definition leaf :: "'a set \<Rightarrow> ('a \<times> 'a) set \<Rightarrow> 'a \<Rightarrow> bool" where
  "leaf V A v \<longleftrightarrow> v \<in> V \<and> udegree V A v = 1"

definition source :: "'a set \<Rightarrow> ('a \<times> 'a) set \<Rightarrow> 'a \<Rightarrow> bool" where
  "source V A v \<longleftrightarrow> v \<in> V \<and> (\<nexists>u. (u, v) \<in> A)"

definition sink :: "'a set \<Rightarrow> ('a \<times> 'a) set \<Rightarrow> 'a \<Rightarrow> bool" where
  "sink V A v \<longleftrightarrow> v \<in> V \<and> (\<nexists>w. (v, w) \<in> A)"

definition in_nbh :: "('a \<times> 'a) set \<Rightarrow> 'a set \<Rightarrow> 'a set" where
  "in_nbh A S = {u. u \<notin> S \<and> (\<exists>s\<in>S. (u, s) \<in> A)}"

definition out_nbh :: "('a \<times> 'a) set \<Rightarrow> 'a set \<Rightarrow> 'a set" where
  "out_nbh A S = {u. u \<notin> S \<and> (\<exists>s\<in>S. (s, u) \<in> A)}"

definition strongly_connected :: "'a set \<Rightarrow> ('a \<times> 'a) set \<Rightarrow> 'a set \<Rightarrow> bool" where
  "strongly_connected V A S \<longleftrightarrow> S \<noteq> {} \<and> S \<subseteq> V \<and>
     (\<forall>u\<in>S. \<forall>v\<in>S. (u, v) \<in> (A \<inter> (S \<times> S))\<^sup>*)"

definition max_scc :: "'a set \<Rightarrow> ('a \<times> 'a) set \<Rightarrow> 'a set \<Rightarrow> bool" where
  "max_scc V A S \<longleftrightarrow> strongly_connected V A S \<and>
     (\<forall>S'. S \<subseteq> S' \<and> strongly_connected V A S' \<longrightarrow> S' = S)"

definition source_set :: "'a set \<Rightarrow> ('a \<times> 'a) set \<Rightarrow> 'a set \<Rightarrow> bool" where
  "source_set V A S \<longleftrightarrow> max_scc V A S \<and> in_nbh A S - S = {}"

definition sink_set :: "'a set \<Rightarrow> ('a \<times> 'a) set \<Rightarrow> 'a set \<Rightarrow> bool" where
  "sink_set V A S \<longleftrightarrow> max_scc V A S \<and> out_nbh A S - S = {}"

definition dwalk :: "('a \<times> 'a) set \<Rightarrow> 'a list \<Rightarrow> bool" where
  "dwalk A xs \<longleftrightarrow> xs \<noteq> [] \<and> (\<forall>i. Suc i < length xs \<longrightarrow> (xs ! i, xs ! Suc i) \<in> A)"

definition dpath :: "('a \<times> 'a) set \<Rightarrow> 'a list \<Rightarrow> bool" where
  "dpath A xs \<longleftrightarrow> dwalk A xs \<and> distinct xs"

definition shortest_path :: "('a \<times> 'a) set \<Rightarrow> 'a \<Rightarrow> 'a \<Rightarrow> 'a list \<Rightarrow> bool" where
  "shortest_path A u v xs \<longleftrightarrow> dpath A xs \<and> hd xs = u \<and> last xs = v \<and>
     (\<forall>ys. dpath A ys \<and> hd ys = u \<and> last ys = v \<longrightarrow> length xs \<le> length ys)"

definition interval :: "('a \<times> 'a) set \<Rightarrow> 'a \<Rightarrow> 'a \<Rightarrow> 'a set" where
  "interval A u v = {w. \<exists>xs. shortest_path A u v xs \<and> w \<in> set xs}"

definition interval_set :: "('a \<times> 'a) set \<Rightarrow> 'a set \<Rightarrow> 'a set" where
  "interval_set A S = (\<Union>u\<in>S. \<Union>v\<in>S. interval A u v \<union> interval A v u)"

definition geodetic :: "'a set \<Rightarrow> ('a \<times> 'a) set \<Rightarrow> 'a set \<Rightarrow> bool" where
  "geodetic V A S \<longleftrightarrow> S \<subseteq> V \<and> interval_set A S = V"

end

theory Submission
  imports Defs
begin

text \<open>A vertex in the interior of a shortest path has an in-arc and an out-arc to two distinct
  neighbours, so it is neither a source, a sink nor a leaf; hence every geodetic set contains all
  such extreme vertices. Conversely, let w be any other vertex and consider the branches of T at
  w, the components of T - w. The hypothesis on source and sink sets provides a branch containing
  a source or a leaf from which w is reachable, and a different branch containing a sink or a leaf
  reachable from w. As T is a tree, a shortest path between the two passes through w.\<close>

lemma dwalk_Cons_Cons: "dwalk R (a # b # xs) \<longleftrightarrow> (a, b) \<in> R \<and> dwalk R (b # xs)"
  by (auto simp: dwalk_def nth_Cons less_Suc_eq_0_disj split: nat.splits)

lemma dwalk_singleton [simp]: "dwalk R [a]"
  by (simp add: dwalk_def)

lemma dwalk_ConsD: "dwalk R (a # xs) \<Longrightarrow> xs \<noteq> [] \<Longrightarrow> dwalk R xs"
  by (cases xs) (auto simp: dwalk_Cons_Cons)

lemma dwalk_appendD: "dwalk R (ys @ zs) \<Longrightarrow> zs \<noteq> [] \<Longrightarrow> dwalk R zs"
  by (induction ys) (auto dest: dwalk_ConsD)

lemma dwalk_snoc: "dwalk R xs \<Longrightarrow> (last xs, q) \<in> R \<Longrightarrow> dwalk R (xs @ [q])"
  by (induction xs rule: induct_list012) (auto simp: dwalk_Cons_Cons)

lemma dwalk_mono: "dwalk R xs \<Longrightarrow> R \<subseteq> R' \<Longrightarrow> dwalk R' xs"
  by (auto simp: dwalk_def)

lemma dwalk_Restr: "dwalk R xs \<Longrightarrow> dwalk (R \<inter> set xs \<times> set xs) xs"
  by (auto simp: dwalk_def)

lemma dwalk_rtrancl: "dwalk R xs \<Longrightarrow> (hd xs, last xs) \<in> R\<^sup>*"
proof (induction xs rule: induct_list012)
  case (3 x y zs)
  then show ?case by (auto simp: dwalk_Cons_Cons intro: converse_rtrancl_into_rtrancl)
qed (simp_all add: dwalk_def)

lemma dwalk_set_Field: "dwalk R xs \<Longrightarrow> 2 \<le> length xs \<Longrightarrow> set xs \<subseteq> Field R"
proof (induction xs rule: induct_list012)
  case (3 x y zs)
  then show ?case by (cases zs) (auto simp: dwalk_Cons_Cons intro: FieldI1 FieldI2)
qed simp_all

lemma dwalk_interior_arcs:
  assumes "dwalk R (ys @ w # zs)" "ys \<noteq> []" "zs \<noteq> []"
  shows "(last ys, w) \<in> R" "(w, hd zs) \<in> R"
proof -
  have "ys @ w # zs = butlast ys @ last ys # w # hd zs # tl zs"
    using assms(2,3) by simp
  then have "dwalk R (butlast ys @ last ys # w # hd zs # tl zs)"
    using assms(1) by metis
  then have "dwalk R (last ys # w # hd zs # tl zs)"
    by (rule dwalk_appendD) simp
  then show "(last ys, w) \<in> R" "(w, hd zs) \<in> R"
    by (simp_all add: dwalk_Cons_Cons)
qed

lemma rtrancl_imp_dpath: "(u, v) \<in> R\<^sup>* \<Longrightarrow> \<exists>xs. dpath R xs \<and> hd xs = u \<and> last xs = v"
proof (induction rule: converse_rtrancl_induct)
  case base
  show ?case by (rule exI[of _ "[v]"]) (simp add: dpath_def)
next
  case (step u u')
  then obtain xs where xs: "dpath R xs" "hd xs = u'" "last xs = v" by blast
  show ?case
  proof (cases "u \<in> set xs")
    case True
    then obtain ys zs where xs_split: "xs = ys @ u # zs" by (meson split_list)
    then have "dpath R (u # zs)" using xs(1) by (auto simp: dpath_def dest: dwalk_appendD)
    then show ?thesis using xs(3) xs_split by (intro exI[of _ "u # zs"]) simp
  next
    case False
    obtain ys where "xs = u' # ys" using xs(1,2) by (cases xs) (auto simp: dpath_def dwalk_def)
    then have "dpath R (u # xs)" using False xs(1) step(1) by (auto simp: dpath_def dwalk_Cons_Cons)
    then show ?thesis using xs(3) \<open>xs = u' # ys\<close> by (intro exI[of _ "u # xs"]) simp
  qed
qed

lemma shortest_path_exists: "(u, v) \<in> A\<^sup>* \<Longrightarrow> \<exists>xs. shortest_path A u v xs"
  using rtrancl_imp_dpath[of u v A]
    ex_has_least_nat[of "\<lambda>xs. dpath A xs \<and> hd xs = u \<and> last xs = v" _ length]
  unfolding shortest_path_def by metis

lemma interval_refl: "w \<in> interval A w w"
proof -
  have "shortest_path A w w [w]"
    by (auto simp: shortest_path_def dpath_def Suc_le_eq dwalk_def)
  then show ?thesis by (force simp: interval_def)
qed

lemma interval_subset:
  assumes "digraph V A" "u \<in> V"
  shows "interval A u v \<subseteq> V"
proof
  fix x assume "x \<in> interval A u v"
  then obtain xs where xs: "shortest_path A u v xs" "x \<in> set xs" by (auto simp: interval_def)
  then have "dwalk A xs" "hd xs = u" by (auto simp: shortest_path_def dpath_def)
  show "x \<in> V"
  proof (cases "2 \<le> length xs")
    case True
    then have "x \<in> Field A" using dwalk_set_Field[OF \<open>dwalk A xs\<close>] xs(2) by blast
    then show ?thesis using assms(1) by (auto simp: Field_def digraph_def)
  next
    case False
    then have "xs = [u]"
      using \<open>dwalk A xs\<close> \<open>hd xs = u\<close> by (cases xs) (auto simp: dwalk_def Suc_le_eq)
    then show ?thesis using xs(2) assms(2) by simp
  qed
qed

lemma leaf_neighbour_unique:
  assumes "digraph V A" "leaf V A w" "uadj A w a" "uadj A w b"
  shows "a = b"
proof -
  have "finite V" "a \<in> V" "b \<in> V"
    using assms(1,3,4) by (auto simp: digraph_def uadj_def)
  then have "card {a, b} \<le> udegree V A w"
    unfolding udegree_def using assms(3,4) by (intro card_mono) auto
  then show ?thesis using assms(2) by (auto simp: leaf_def card_insert_if split: if_splits)
qed

definition extreme_vertices :: "'a set \<Rightarrow> ('a \<times> 'a) set \<Rightarrow> 'a set" where
  "extreme_vertices V A = {v \<in> V. sink V A v \<or> source V A v \<or> leaf V A v}"

lemma interval_interior_not_extreme:
  assumes "digraph V A" "w \<in> interval A u v" "w \<noteq> u" "w \<noteq> v"
  shows "w \<notin> extreme_vertices V A"
proof -
  obtain xs where xs: "shortest_path A u v xs" "w \<in> set xs"
    using assms(2) by (auto simp: interval_def)
  then obtain ys zs where split: "xs = ys @ w # zs" by (meson split_list)
  have "ys \<noteq> []" "zs \<noteq> []"
    using xs(1) assms(3,4) by (auto simp: split shortest_path_def)
  then have arcs: "(last ys, w) \<in> A" "(w, hd zs) \<in> A"
    using dwalk_interior_arcs[of A ys w zs] xs(1) by (auto simp: split shortest_path_def dpath_def)
  have "last ys \<in> set ys" "hd zs \<in> set zs"
    using \<open>ys \<noteq> []\<close> \<open>zs \<noteq> []\<close> by simp_all
  then have "last ys \<noteq> hd zs"
    using xs(1) by (auto simp: split shortest_path_def dpath_def)
  then have "\<not> leaf V A w"
    using leaf_neighbour_unique[OF assms(1)] arcs by (metis uadj_def)
  then show ?thesis using arcs by (auto simp: extreme_vertices_def source_def sink_def)
qed

lemma geodetic_contains_extreme_vertices:
  assumes "digraph V A" "geodetic V A S"
  shows "extreme_vertices V A \<subseteq> S"
proof
  fix w assume w: "w \<in> extreme_vertices V A"
  then have "w \<in> interval_set A S"
    using assms(2) by (auto simp: geodetic_def extreme_vertices_def)
  then obtain u v where "u \<in> S" "v \<in> S" "w \<in> interval A u v"
    unfolding interval_set_def by blast
  then show "w \<in> S" using interval_interior_not_extreme[OF assms(1)] w by blast
qed

lemma uadj_sym: "uadj A x y \<longleftrightarrow> uadj A y x"
  by (auto simp: uadj_def)

lemma uadj_converse [simp]: "uadj (A\<inverse>) = uadj A"
  by (auto simp: uadj_def fun_eq_iff)

lemma ditree_converse [simp]: "ditree V (A\<inverse>) \<longleftrightarrow> ditree V A"
  unfolding ditree_def digraph_def uconnected_def ucycle_def by auto

lemma leaf_converse [simp]: "leaf V (A\<inverse>) = leaf V A"
  by (simp add: fun_eq_iff leaf_def udegree_def)

lemma source_converse [simp]: "source V (A\<inverse>) = sink V A"
  by (auto simp: fun_eq_iff source_def sink_def)

lemma strongly_connected_converse [simp]:
  "strongly_connected V (A\<inverse>) Z \<longleftrightarrow> strongly_connected V A Z"
proof -
  have "A\<inverse> \<inter> Z \<times> Z = (A \<inter> Z \<times> Z)\<inverse>" by auto
  then show ?thesis unfolding strongly_connected_def by (auto simp: rtrancl_converse)
qed

lemma source_set_converse [simp]: "source_set V (A\<inverse>) Z \<longleftrightarrow> sink_set V A Z"
  unfolding source_set_def sink_set_def max_scc_def in_nbh_def out_nbh_def by auto

section \<open>Initial strong components\<close>

definition pred_closed :: "('a \<times> 'a) set \<Rightarrow> 'a set \<Rightarrow> bool" where
  "pred_closed R Z \<longleftrightarrow> (\<forall>a b. (a, b) \<in> R \<longrightarrow> b \<in> Z \<longrightarrow> a \<in> Z)"

lemma pred_closed_rtrancl:
  assumes "pred_closed R Z" "(a, b) \<in> R\<^sup>*" "b \<in> Z"
  shows "a \<in> Z"
  using assms(2,3)
  by (induction rule: converse_rtrancl_induct) (use assms(1) in \<open>auto simp: pred_closed_def\<close>)

lemma pred_closed_rtrancl_restrict:
  assumes "pred_closed R Z" "(a, b) \<in> R\<^sup>*" "b \<in> Z"
  shows "(a, b) \<in> (R \<inter> Z \<times> Z)\<^sup>*"
  using assms(2,3)
proof (induction rule: converse_rtrancl_induct)
  case (step y z)
  then have "z \<in> Z" "y \<in> Z" using pred_closed_rtrancl[OF assms(1)] assms(1)
    by (auto simp: pred_closed_def)
  with step show ?case by (auto intro: converse_rtrancl_into_rtrancl)
qed simp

Aim of the task: Retype exactly the lines from the start of the entries through the one with "V \<and> (\<nexists>u."; include both ends.

Final answer:
definition leaf :: "'a set \<Rightarrow> ('a \<times> 'a) set \<Rightarrow> 'a \<Rightarrow> bool" where
  "leaf V A v \<longleftrightarrow> v \<in> V \<and> udegree V A v = 1"

definition source :: "'a set \<Rightarrow> ('a \<times> 'a) set \<Rightarrow> 'a \<Rightarrow> bool" where
  "source V A v \<longleftrightarrow> v \<in> V \<and> (\<nexists>u. (u, v) \<in> A)"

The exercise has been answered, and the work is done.